PROVIDED RECORDS:

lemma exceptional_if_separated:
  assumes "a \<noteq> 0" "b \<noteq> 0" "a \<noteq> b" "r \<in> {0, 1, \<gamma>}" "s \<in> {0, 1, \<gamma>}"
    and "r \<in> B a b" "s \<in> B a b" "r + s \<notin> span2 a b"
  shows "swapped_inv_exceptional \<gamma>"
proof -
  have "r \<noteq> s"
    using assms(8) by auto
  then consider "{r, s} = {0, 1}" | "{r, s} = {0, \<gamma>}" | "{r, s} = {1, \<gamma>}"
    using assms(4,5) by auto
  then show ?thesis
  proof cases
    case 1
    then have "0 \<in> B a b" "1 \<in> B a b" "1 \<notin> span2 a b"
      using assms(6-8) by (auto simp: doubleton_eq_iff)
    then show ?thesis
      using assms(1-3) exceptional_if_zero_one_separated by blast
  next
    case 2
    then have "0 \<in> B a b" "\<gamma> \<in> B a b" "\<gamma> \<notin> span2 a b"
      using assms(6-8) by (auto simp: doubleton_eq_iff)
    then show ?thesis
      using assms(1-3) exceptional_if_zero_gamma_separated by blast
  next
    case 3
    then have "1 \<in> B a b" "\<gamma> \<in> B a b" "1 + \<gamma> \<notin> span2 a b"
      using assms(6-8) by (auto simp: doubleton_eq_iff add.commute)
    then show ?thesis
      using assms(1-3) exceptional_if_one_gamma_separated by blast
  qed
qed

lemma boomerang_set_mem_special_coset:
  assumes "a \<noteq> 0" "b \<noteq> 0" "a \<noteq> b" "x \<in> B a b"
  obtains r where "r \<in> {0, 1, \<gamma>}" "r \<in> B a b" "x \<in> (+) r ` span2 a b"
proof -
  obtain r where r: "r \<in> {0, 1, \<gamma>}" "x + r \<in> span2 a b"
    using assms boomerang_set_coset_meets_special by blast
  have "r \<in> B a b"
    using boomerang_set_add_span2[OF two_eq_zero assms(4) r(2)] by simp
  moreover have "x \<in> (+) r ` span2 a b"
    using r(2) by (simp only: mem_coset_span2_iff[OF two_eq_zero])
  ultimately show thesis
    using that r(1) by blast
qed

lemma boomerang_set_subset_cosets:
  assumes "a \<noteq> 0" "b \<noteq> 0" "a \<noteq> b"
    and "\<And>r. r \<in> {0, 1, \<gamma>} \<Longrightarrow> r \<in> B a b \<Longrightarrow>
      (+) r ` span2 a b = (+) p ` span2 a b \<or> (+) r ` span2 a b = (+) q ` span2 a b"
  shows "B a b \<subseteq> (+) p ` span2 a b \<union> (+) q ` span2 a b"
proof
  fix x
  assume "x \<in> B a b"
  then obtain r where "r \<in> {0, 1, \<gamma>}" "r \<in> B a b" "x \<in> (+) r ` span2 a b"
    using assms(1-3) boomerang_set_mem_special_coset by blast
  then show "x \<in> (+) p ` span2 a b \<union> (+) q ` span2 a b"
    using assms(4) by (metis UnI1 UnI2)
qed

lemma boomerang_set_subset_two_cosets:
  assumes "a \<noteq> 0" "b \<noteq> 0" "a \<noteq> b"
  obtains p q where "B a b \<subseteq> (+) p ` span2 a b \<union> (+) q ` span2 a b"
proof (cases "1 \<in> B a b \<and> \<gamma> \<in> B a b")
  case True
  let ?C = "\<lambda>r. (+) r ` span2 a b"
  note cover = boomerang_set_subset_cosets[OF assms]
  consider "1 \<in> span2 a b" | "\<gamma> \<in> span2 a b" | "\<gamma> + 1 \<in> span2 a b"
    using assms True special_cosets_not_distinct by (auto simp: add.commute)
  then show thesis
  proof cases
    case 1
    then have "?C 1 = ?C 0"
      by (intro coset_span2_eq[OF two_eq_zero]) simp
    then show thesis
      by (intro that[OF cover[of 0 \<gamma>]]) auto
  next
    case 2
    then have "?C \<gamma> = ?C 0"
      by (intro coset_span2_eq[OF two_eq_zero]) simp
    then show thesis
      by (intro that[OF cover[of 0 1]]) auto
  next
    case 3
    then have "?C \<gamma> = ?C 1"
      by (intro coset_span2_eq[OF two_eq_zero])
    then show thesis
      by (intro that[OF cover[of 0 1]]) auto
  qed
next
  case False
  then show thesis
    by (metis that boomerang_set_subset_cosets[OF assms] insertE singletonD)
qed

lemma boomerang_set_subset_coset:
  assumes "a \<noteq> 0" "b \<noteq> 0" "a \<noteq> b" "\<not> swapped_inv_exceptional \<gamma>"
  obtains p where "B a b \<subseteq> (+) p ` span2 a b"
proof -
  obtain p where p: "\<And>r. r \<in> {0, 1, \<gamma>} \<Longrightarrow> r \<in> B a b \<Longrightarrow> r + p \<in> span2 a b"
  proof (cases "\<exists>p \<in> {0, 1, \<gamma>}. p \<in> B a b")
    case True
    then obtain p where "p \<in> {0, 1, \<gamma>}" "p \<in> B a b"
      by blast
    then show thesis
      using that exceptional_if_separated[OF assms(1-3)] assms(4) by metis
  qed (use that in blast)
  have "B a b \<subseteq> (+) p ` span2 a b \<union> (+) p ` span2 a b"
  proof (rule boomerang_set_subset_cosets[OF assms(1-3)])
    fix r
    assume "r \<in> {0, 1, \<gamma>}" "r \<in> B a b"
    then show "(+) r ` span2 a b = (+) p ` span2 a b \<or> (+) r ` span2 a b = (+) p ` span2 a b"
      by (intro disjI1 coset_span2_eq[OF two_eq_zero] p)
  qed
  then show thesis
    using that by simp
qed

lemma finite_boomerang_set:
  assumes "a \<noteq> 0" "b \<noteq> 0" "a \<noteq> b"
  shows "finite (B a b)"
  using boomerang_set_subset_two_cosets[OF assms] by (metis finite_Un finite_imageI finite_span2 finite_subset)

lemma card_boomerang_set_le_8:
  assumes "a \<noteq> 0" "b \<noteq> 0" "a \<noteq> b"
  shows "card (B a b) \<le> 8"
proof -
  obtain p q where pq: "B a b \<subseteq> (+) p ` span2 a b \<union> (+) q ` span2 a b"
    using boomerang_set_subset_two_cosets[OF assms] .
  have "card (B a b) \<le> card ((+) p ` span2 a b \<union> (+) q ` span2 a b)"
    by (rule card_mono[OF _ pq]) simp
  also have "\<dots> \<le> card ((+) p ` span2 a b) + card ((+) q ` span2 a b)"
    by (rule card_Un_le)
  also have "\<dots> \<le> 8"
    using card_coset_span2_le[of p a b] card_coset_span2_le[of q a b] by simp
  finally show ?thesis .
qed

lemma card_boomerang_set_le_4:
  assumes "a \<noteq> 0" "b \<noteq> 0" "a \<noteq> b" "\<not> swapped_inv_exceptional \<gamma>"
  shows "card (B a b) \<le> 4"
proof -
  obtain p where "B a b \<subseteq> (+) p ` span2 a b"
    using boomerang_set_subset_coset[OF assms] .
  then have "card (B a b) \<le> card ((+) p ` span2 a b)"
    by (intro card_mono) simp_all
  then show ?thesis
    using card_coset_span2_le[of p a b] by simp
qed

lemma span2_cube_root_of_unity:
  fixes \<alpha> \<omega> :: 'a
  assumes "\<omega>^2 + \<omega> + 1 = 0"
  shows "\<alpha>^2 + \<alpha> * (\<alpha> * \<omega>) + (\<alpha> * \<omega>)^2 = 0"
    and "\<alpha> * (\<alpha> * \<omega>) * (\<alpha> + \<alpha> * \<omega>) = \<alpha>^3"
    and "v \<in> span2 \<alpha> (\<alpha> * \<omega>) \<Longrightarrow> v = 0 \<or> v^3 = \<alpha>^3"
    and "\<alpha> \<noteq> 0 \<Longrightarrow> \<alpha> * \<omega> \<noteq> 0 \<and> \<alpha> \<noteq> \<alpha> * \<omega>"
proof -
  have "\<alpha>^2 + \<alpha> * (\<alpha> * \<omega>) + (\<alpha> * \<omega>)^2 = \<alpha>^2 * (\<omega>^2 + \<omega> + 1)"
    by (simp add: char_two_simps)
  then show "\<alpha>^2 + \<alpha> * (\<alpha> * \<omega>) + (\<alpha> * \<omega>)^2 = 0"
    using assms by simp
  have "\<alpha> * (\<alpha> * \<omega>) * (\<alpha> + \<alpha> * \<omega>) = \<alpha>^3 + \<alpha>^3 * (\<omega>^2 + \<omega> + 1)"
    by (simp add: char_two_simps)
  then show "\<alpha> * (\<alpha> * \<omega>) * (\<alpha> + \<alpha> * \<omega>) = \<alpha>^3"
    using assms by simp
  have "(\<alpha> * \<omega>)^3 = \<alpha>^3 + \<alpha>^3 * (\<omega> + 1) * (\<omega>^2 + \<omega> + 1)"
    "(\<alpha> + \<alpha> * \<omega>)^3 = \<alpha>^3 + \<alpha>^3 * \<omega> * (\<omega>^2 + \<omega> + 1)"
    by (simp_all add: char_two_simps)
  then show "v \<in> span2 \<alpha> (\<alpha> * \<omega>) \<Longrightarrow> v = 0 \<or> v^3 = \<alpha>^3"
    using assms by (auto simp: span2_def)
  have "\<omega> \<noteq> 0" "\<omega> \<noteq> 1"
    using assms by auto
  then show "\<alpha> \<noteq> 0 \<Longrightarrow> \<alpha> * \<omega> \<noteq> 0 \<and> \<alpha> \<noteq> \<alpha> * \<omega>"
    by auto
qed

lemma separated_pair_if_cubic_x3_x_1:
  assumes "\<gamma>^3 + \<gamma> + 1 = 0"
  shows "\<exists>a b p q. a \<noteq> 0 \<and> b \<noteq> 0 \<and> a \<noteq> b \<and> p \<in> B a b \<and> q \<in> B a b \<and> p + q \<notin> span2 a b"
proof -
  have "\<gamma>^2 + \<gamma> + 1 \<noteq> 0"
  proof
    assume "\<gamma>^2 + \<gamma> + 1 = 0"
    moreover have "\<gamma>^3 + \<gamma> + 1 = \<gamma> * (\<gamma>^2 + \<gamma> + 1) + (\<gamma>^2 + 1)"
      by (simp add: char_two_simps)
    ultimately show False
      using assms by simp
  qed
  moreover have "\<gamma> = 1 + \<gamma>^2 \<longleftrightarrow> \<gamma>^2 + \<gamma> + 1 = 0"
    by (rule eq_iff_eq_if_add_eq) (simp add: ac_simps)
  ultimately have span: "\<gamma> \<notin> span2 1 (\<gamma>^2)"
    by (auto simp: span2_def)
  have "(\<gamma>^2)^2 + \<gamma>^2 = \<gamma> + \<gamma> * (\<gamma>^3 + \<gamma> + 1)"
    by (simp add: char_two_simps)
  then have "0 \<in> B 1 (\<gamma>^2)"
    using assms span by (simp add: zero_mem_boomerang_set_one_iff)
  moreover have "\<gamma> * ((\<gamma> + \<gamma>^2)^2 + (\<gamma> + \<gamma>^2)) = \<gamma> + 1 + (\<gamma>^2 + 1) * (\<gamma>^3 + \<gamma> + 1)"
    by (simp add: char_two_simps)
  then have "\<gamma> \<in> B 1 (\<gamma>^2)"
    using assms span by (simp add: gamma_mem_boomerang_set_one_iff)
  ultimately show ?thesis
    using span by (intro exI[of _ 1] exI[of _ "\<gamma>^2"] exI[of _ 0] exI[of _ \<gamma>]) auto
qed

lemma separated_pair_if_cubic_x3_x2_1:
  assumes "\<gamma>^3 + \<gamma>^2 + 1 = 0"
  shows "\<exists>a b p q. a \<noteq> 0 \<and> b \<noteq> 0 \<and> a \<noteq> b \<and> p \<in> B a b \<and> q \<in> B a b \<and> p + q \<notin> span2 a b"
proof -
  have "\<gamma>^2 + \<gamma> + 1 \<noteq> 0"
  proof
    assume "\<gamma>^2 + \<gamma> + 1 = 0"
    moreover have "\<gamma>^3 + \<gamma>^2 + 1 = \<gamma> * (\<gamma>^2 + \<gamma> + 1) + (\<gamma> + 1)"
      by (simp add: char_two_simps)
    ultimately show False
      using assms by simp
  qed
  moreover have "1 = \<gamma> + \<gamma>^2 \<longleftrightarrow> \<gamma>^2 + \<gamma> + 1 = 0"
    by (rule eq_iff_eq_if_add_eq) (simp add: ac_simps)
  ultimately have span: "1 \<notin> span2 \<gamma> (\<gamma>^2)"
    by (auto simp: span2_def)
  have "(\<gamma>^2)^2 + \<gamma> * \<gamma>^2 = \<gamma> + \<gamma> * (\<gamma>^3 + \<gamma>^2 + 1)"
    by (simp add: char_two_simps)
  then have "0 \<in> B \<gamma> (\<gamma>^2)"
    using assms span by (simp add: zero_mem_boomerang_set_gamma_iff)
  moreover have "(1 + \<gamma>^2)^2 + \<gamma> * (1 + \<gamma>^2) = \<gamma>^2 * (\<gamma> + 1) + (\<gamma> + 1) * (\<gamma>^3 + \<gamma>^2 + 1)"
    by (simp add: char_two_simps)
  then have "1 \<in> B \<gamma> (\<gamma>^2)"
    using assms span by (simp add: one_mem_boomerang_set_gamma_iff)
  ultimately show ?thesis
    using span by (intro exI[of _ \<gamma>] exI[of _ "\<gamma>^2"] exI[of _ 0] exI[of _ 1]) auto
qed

...

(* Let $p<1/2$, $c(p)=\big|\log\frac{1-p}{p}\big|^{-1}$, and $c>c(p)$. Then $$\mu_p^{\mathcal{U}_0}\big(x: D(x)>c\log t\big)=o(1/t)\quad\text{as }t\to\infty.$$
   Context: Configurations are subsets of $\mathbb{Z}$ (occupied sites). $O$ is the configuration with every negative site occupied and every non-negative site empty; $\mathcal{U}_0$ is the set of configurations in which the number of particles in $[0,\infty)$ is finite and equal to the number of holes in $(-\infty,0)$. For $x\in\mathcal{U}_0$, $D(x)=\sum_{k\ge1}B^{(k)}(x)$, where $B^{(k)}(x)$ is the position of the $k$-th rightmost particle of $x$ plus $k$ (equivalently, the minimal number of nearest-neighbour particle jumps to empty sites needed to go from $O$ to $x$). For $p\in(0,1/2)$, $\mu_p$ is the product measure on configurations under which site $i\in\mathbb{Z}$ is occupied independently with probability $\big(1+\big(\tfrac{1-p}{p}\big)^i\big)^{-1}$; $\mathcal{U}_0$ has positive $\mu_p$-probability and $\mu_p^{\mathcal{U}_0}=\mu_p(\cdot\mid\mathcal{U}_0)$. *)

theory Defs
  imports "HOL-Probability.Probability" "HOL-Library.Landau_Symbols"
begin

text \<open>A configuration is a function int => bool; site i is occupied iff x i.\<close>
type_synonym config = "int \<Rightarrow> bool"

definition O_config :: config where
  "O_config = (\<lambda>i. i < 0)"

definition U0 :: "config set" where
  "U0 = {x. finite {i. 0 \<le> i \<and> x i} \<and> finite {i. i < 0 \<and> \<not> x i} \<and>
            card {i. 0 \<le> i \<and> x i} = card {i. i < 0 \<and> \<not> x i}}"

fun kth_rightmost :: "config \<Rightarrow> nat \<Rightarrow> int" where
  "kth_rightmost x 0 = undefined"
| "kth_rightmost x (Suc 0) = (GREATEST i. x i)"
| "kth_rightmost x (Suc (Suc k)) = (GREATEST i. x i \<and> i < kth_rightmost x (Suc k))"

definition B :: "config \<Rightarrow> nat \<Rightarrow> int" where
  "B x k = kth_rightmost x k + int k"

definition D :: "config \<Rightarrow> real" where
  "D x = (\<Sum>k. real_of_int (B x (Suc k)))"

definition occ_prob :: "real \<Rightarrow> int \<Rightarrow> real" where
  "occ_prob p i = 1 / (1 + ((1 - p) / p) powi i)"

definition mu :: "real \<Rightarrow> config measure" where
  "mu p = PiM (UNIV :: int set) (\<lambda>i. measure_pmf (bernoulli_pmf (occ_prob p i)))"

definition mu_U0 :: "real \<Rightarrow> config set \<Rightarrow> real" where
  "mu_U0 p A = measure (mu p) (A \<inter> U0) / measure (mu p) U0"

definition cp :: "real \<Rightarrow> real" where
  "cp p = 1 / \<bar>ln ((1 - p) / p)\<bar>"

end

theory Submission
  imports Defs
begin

WHAT TO PRODUCE: Filter the listing above, keeping only the lines with "GREATEST".

RESPONSE TO THIS TASK:
| "kth_rightmost x (Suc 0) = (GREATEST i. x i)"
| "kth_rightmost x (Suc (Suc k)) = (GREATEST i. x i \<and> i < kth_rightmost x (Suc k))"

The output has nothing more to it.